- [Task]: For this exercise, restate word for word only the lines from the first line of the data to the line containing "(\<forall>t\<ge>0. X t \<in>".

- [Collected data entries]:

*** Block opens ***

(* In the neutral case $\gamma=0$, for $\theta>0$, $m\ge2$ and $t\ge0$, \[ \lim_{N\to\infty}N\theta\,\mathbb E^0_{1/N}\Big[\int_0^{t}\big(1-\xi_u^m-(1-\xi_u)^m\big)du\Big]=\theta\int_0^t\big(\mathbb E^0_m(A_u)-\mathbb P^0_m(A_u=1)\big)du=\theta\sum_{k=2}^m\big(1+(-1)^k\big)\big(1-e^{-\binom k2 t}\big)\frac{2k-1}{\binom k2}\frac{m_{[k]}}{m_{(k)}}, \] where $m_{[k]}=\Gamma(m+1)/\Gamma(m-k+1)$ and $m_{(k)}=\Gamma(m+k)/\Gamma(m)$.
   Context: $(\xi_t)$ under $\mathbb P^0_x,\mathbb E^0_x$ is the neutral Wright–Fisher diffusion $d\xi_t=\sqrt{\xi_t(1-\xi_t)}\,dW_t$ on $[0,1]$ started at $x$, absorbed at $0$ and $1$. $(A_t)$ under $\mathbb P^0_m,\mathbb E^0_m$ is Kingman's coalescent started at $A_0=m$: the pure death process on $\{1,2,\dots\}$ jumping from $k$ to $k-1$ at rate $\binom k2$. *)

theory Defs
  imports "HOL-Probability.Probability"
begin

definition natural_events :: "'a measure \<Rightarrow> (real \<Rightarrow> 'a \<Rightarrow> real) \<Rightarrow> real \<Rightarrow> 'a set set" where
  "natural_events M X s =
     sigma_sets (space M) (\<Union>r\<in>{0..s}. {X r -` A \<inter> space M | A. A \<in> sets borel})"

text \<open>X under M is a neutral Wright-Fisher diffusion dxi = sqrt(xi(1-xi)) dW on [0,1]
  started at x: continuous [0,1]-valued paths, X 0 = x, solving the martingale problem
  for the generator (1/2) y (1-y) f''(y) for all C^2 functions f, with respect to the
  natural filtration. (Absorption at 0 and 1 is automatic.)\<close>
definition is_neutral_WF :: "'a measure \<Rightarrow> (real \<Rightarrow> 'a \<Rightarrow> real) \<Rightarrow> real \<Rightarrow> bool" where
  "is_neutral_WF M X x \<longleftrightarrow>
     prob_space M \<and>
     (\<forall>t\<ge>0. X t \<in> borel_measurable M) \<and>
     (\<forall>\<omega>\<in>space M. X 0 \<omega> = x \<and> continuous_on {0..} (\<lambda>t. X t \<omega>) \<and>
        (\<forall>t\<ge>0. X t \<omega> \<in> {0..1})) \<and>
     (\<forall>f f' f''. (\<forall>y. (f has_real_derivative f' y) (at y)) \<and>
                (\<forall>y. (f' has_real_derivative f'' y) (at y)) \<and> continuous_on UNIV f'' \<longrightarrow>
        (\<forall>s t. 0 \<le> s \<and> s \<le> t \<longrightarrow>
          (\<forall>B\<in>natural_events M X s.
             integral\<^sup>L M (\<lambda>\<omega>. indicator B \<omega> *
               (f (X t \<omega>) - f (X s \<omega>) -
                (LBINT u=s..t. X u \<omega> * (1 - X u \<omega>) / 2 * f'' (X u \<omega>)))) = 0)))"

definition kingman_times :: "'b measure \<Rightarrow> (nat \<Rightarrow> 'b \<Rightarrow> real) \<Rightarrow> nat \<Rightarrow> bool" where
  "kingman_times M T m \<longleftrightarrow>
     prob_space M \<and> prob_space.indep_vars M (\<lambda>_. borel) T {2..m} \<and>
     (\<forall>k\<in>{2..m}. distributed M lborel (T k) (exponential_density (real (k choose 2))))"

text \<open>The state A_u of the pure death process built from the holding times:
  A_u = k iff T(k+1)+...+T(m) \<le> u < T(k)+...+T(m) (right-continuous paths).\<close>
definition kingman_state :: "nat \<Rightarrow> (nat \<Rightarrow> 'b \<Rightarrow> real) \<Rightarrow> real \<Rightarrow> 'b \<Rightarrow> nat" where
  "kingman_state m T u \<omega> = (LEAST k. 1 \<le> k \<and> (\<Sum>j\<in>{k<..m}. T j \<omega>) \<le> u)"

end

theory Submission
  imports Defs
begin

text \<open>Write \<open>\<lambda>\<^sub>k = k(k-1)/2\<close> and \<open>G\<^sub>k(t) = \<bbbP>\<^sub>m(A\<^sub>t > k)\<close>. The tails solve the backward system
  \<open>G\<^sub>k' = -\<lambda>\<^sub>k\<^sub>+\<^sub>1 (G\<^sub>k - G\<^sub>k\<^sub>+\<^sub>1)\<close>, \<open>G\<^sub>k(0) = 1\<close>, \<open>G\<^sub>m = 0\<close>, and every solution of the forward system
  \<open>\<mu>\<^sub>k' = \<lambda>\<^sub>k (\<mu>\<^sub>k\<^sub>-\<^sub>1 - \<mu>\<^sub>k)\<close> is transported along them:
  \<open>\<mu>\<^sub>m(t) = \<mu>\<^sub>1(0) + \<Sum>\<^sub>k\<^sub><\<^sub>m G\<^sub>k(t) (\<mu>\<^sub>k\<^sub>+\<^sub>1(0) - \<mu>\<^sub>k(0))\<close>.

  By Dynkin's formula the moments \<open>\<bbbE>\<^sub>x[\<xi>\<^sub>t\<^sup>k]\<close> solve the forward system, and so do those of
  \<open>1 - \<xi>\<close>, which is again a neutral Wright--Fisher diffusion. Hence
  \<open>\<bbbE>\<^sub>x[1 - \<xi>\<^sub>t\<^sup>m - (1 - \<xi>\<^sub>t)\<^sup>m] = \<Sum>\<^sub>k\<^sub><\<^sub>m (x\<^sup>k(1 - x) + x(1 - x)\<^sup>k) G\<^sub>k(t)\<close>; at \<open>x = 1/N\<close> the weights
  times \<open>N\<close> tend to \<open>2\<close> for \<open>k = 1\<close> and to \<open>1\<close> otherwise, and \<open>\<Sum>\<^sub>k\<^sub><\<^sub>m (1 + [k = 1]) G\<^sub>k(t)\<close> is
  exactly \<open>\<bbbE>\<^sub>m[A\<^sub>t] - \<bbbP>\<^sub>m(A\<^sub>t = 1)\<close>. The closed form comes from a third solution of the forward
  system, a combination of the exponentials \<open>e\<^sup>-\<^sup>\<lambda>\<^sup>\<^sub>j\<^sup>t\<close> whose coefficients are determined by two
  telescoping sums of the ratios \<open>k\<^sub>[\<^sub>j\<^sub>] / k\<^sub>(\<^sub>j\<^sub>)\<close>.\<close>

section \<open>Coalescence rates and the spectral solution\<close>

definition coal_rate :: "nat \<Rightarrow> real" where
  "coal_rate k = real (k choose 2)"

*** Block closes ***

- [Result]:
(* In the neutral case $\gamma=0$, for $\theta>0$, $m\ge2$ and $t\ge0$, \[ \lim_{N\to\infty}N\theta\,\mathbb E^0_{1/N}\Big[\int_0^{t}\big(1-\xi_u^m-(1-\xi_u)^m\big)du\Big]=\theta\int_0^t\big(\mathbb E^0_m(A_u)-\mathbb P^0_m(A_u=1)\big)du=\theta\sum_{k=2}^m\big(1+(-1)^k\big)\big(1-e^{-\binom k2 t}\big)\frac{2k-1}{\binom k2}\frac{m_{[k]}}{m_{(k)}}, \] where $m_{[k]}=\Gamma(m+1)/\Gamma(m-k+1)$ and $m_{(k)}=\Gamma(m+k)/\Gamma(m)$.
   Context: $(\xi_t)$ under $\mathbb P^0_x,\mathbb E^0_x$ is the neutral Wright–Fisher diffusion $d\xi_t=\sqrt{\xi_t(1-\xi_t)}\,dW_t$ on $[0,1]$ started at $x$, absorbed at $0$ and $1$. $(A_t)$ under $\mathbb P^0_m,\mathbb E^0_m$ is Kingman's coalescent started at $A_0=m$: the pure death process on $\{1,2,\dots\}$ jumping from $k$ to $k-1$ at rate $\binom k2$. *)

theory Defs
  imports "HOL-Probability.Probability"
begin

definition natural_events :: "'a measure \<Rightarrow> (real \<Rightarrow> 'a \<Rightarrow> real) \<Rightarrow> real \<Rightarrow> 'a set set" where
  "natural_events M X s =
     sigma_sets (space M) (\<Union>r\<in>{0..s}. {X r -` A \<inter> space M | A. A \<in> sets borel})"

text \<open>X under M is a neutral Wright-Fisher diffusion dxi = sqrt(xi(1-xi)) dW on [0,1]
  started at x: continuous [0,1]-valued paths, X 0 = x, solving the martingale problem
  for the generator (1/2) y (1-y) f''(y) for all C^2 functions f, with respect to the
  natural filtration. (Absorption at 0 and 1 is automatic.)\<close>
definition is_neutral_WF :: "'a measure \<Rightarrow> (real \<Rightarrow> 'a \<Rightarrow> real) \<Rightarrow> real \<Rightarrow> bool" where
  "is_neutral_WF M X x \<longleftrightarrow>
     prob_space M \<and>
     (\<forall>t\<ge>0. X t \<in> borel_measurable M) \<and>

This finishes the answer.